(* Consider an execution of the convergence algorithm described in the context, with $n>5f$ robots of which at most $f$ are Byzantine and $m$ are correct. Let $U_{(1)}(t)\le\dots\le U_{(m)}(t)$ be the sorted positions of the correct robots at time $t$. If a correct robot $i$ with position $x_i$ is elected at time $t$ (i.e., its observation at time $t$ makes it elected), then $x_i\le U_{(f+1)}(t)$ or $x_i\ge U_{(m-f)}(t)$.
   Context: Setting: $n$ robots on the real line, of which at most $f$ are Byzantine (arbitrary positions). Robots observe the multiset $P(t)$ of all $n$ positions, sorted $P_1(t)\le\dots\le P_n(t)$. Algorithm: robot $i$ with position $x_i$ is elected iff $x_i\le P_{f+1}(t)$ or $x_i\ge P_{n-f}(t)$. Only elected robots move, toward the midpoint of $\min(x_i,P_{2f+1}(t))$ and $\max(x_i,P_{n-2f}(t))$. *)

theory Defs
  imports Complex_Main "HOL-Library.Multiset"
begin

definition kth :: "real multiset \<Rightarrow> nat \<Rightarrow> real" where
  "kth X k = sorted_list_of_multiset X ! (k - 1)"

definition elected :: "nat \<Rightarrow> nat \<Rightarrow> real multiset \<Rightarrow> real \<Rightarrow> bool" where
  "elected n f P x \<longleftrightarrow> x \<le> kth P (f + 1) \<or> kth P (n - f) \<le> x"

end

theory Submission
  imports Defs
begin

text \<open>The k-th order statistic is at most y exactly when at least k elements are at most y.
  Adding the at most f Byzantine positions B can therefore lower the (f+1)-st order statistic
  and raise the (n-f)-th one by at most |B| ranks; since n = m + |B| the latter lands on the
  (m-f)-th order statistic of the correct positions, so any robot elected in U + B is elected
  in U alone.\<close>

lemma sorted_nth_le_iff_length_filter:
  fixes xs :: "'a::linorder list"
  assumes "sorted xs" "k < length xs"
  shows "xs ! k \<le> y \<longleftrightarrow> k < length (filter (\<lambda>z. z \<le> y) xs)"
proof
  assume "xs ! k \<le> y"
  then have "\<forall>z \<in> set (take (Suc k) xs). z \<le> y"
    using assms by (auto simp: in_set_conv_nth less_Suc_eq_le) (meson order_trans sorted_nth_mono)
  then have "Suc k = length (filter (\<lambda>z. z \<le> y) (take (Suc k) xs))"
    using assms(2) by simp
  also have "\<dots> \<le> length (filter (\<lambda>z. z \<le> y) xs)"
    by (metis append_take_drop_id filter_append length_append le_add1)
  finally show "k < length (filter (\<lambda>z. z \<le> y) xs)" by simp
next
  assume "k < length (filter (\<lambda>z. z \<le> y) xs)"
  show "xs ! k \<le> y"
  proof (rule ccontr)
    assume "\<not> xs ! k \<le> y"
    then have "\<forall>z \<in> set (drop k xs). \<not> z \<le> y"
      using assms by (auto simp: in_set_conv_nth) (metis order_trans le_add1 less_diff_conv add.commute sorted_nth_mono)
    then have "length (filter (\<lambda>z. z \<le> y) xs) = length (filter (\<lambda>z. z \<le> y) (take k xs))"
      by (metis append_take_drop_id filter_append filter_False append_Nil2)
    also have "\<dots> \<le> k"
      by (metis length_filter_le length_take min.bounded_iff nle_le)
    finally show False using \<open>k < length (filter (\<lambda>z. z \<le> y) xs)\<close> by simp
  qed
qed

lemma kth_le_iff_size_filter:
  assumes "1 \<le> k" "k \<le> size X"
  shows "kth X k \<le> y \<longleftrightarrow> k \<le> size {#z \<in># X. z \<le> y#}"
proof -
  define xs where "xs = sorted_list_of_multiset X"
  have "mset xs = X" unfolding xs_def by simp
  then have "length xs = size X" "size {#z \<in># X. z \<le> y#} = length (filter (\<lambda>z. z \<le> y) xs)"
    by (metis size_mset, metis mset_filter size_mset)
  moreover have "sorted xs" unfolding xs_def by simp
  ultimately show ?thesis
    using assms sorted_nth_le_iff_length_filter[of xs "k - 1" y]
    unfolding kth_def xs_def[symmetric] by auto
qed

lemma kth_union_le:
  assumes "1 \<le> k" "k \<le> size X"
  shows "kth (X + Y) k \<le> kth X k"
proof -
  have "k \<le> size {#z \<in># X. z \<le> kth X k#}"
    using kth_le_iff_size_filter[OF assms, of "kth X k"] by simp
  also have "\<dots> \<le> size {#z \<in># X + Y. z \<le> kth X k#}" by simp
  finally show ?thesis
    using kth_le_iff_size_filter[of k "X + Y"] assms by simp
qed

lemma kth_le_kth_union:
  assumes "size Y < k" "k \<le> size X + size Y"
  shows "kth X (k - size Y) \<le> kth (X + Y) k"
proof -
  define y where "y = kth (X + Y) k"
  have "k \<le> size {#z \<in># X + Y. z \<le> y#}"
    using kth_le_iff_size_filter[of k "X + Y" y] assms unfolding y_def by simp
  also have "\<dots> \<le> size {#z \<in># X. z \<le> y#} + size Y"
    using size_filter_mset_lesseq[of "\<lambda>z. z \<le> y" Y] by simp
  finally show ?thesis
    using kth_le_iff_size_filter[of "k - size Y" X y] assms unfolding y_def by simp
qed

theorem lemma8:
  fixes n f m :: nat
    and U :: "real multiset"  \<comment> \<open>positions of the m correct robots at time t\<close>
    and B :: "real multiset"  \<comment> \<open>positions of the Byzantine robots at time t\<close>
    and x :: real
  assumes "n > 5 * f"
    and "size U = m"
    and "size B \<le> f"
    and "size U + size B = n"
    and "x \<in># U"
    and "elected n f (U + B) x"
  shows "x \<le> kth U (f + 1) \<or> kth U (m - f) \<le> x"
proof -
  have low: "kth (U + B) (f + 1) \<le> kth U (f + 1)"
    using kth_union_le[of "f + 1" U B] assms by simp
  have "kth U (n - f - size B) \<le> kth (U + B) (n - f)"
    using kth_le_kth_union[of B "n - f" U] assms by simp
  moreover have "n - f - size B = m - f" using assms by simp
  ultimately have high: "kth U (m - f) \<le> kth (U + B) (n - f)" by simp
  show ?thesis using assms(6) low high unfolding elected_def by auto
qed

end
_ _ _ _ _ _ _
Scan the data for the string "unfolding" and copy each line in which it occurs.

  have "mset xs = X" unfolding xs_def by simp
  moreover have "sorted xs" unfolding xs_def by simp
    unfolding kth_def xs_def[symmetric] by auto
    using kth_le_iff_size_filter[of k "X + Y" y] assms unfolding y_def by simp
    using kth_le_iff_size_filter[of "k - size Y" X y] assms unfolding y_def by simp
  show ?thesis using assms(6) low high unfolding elected_def by auto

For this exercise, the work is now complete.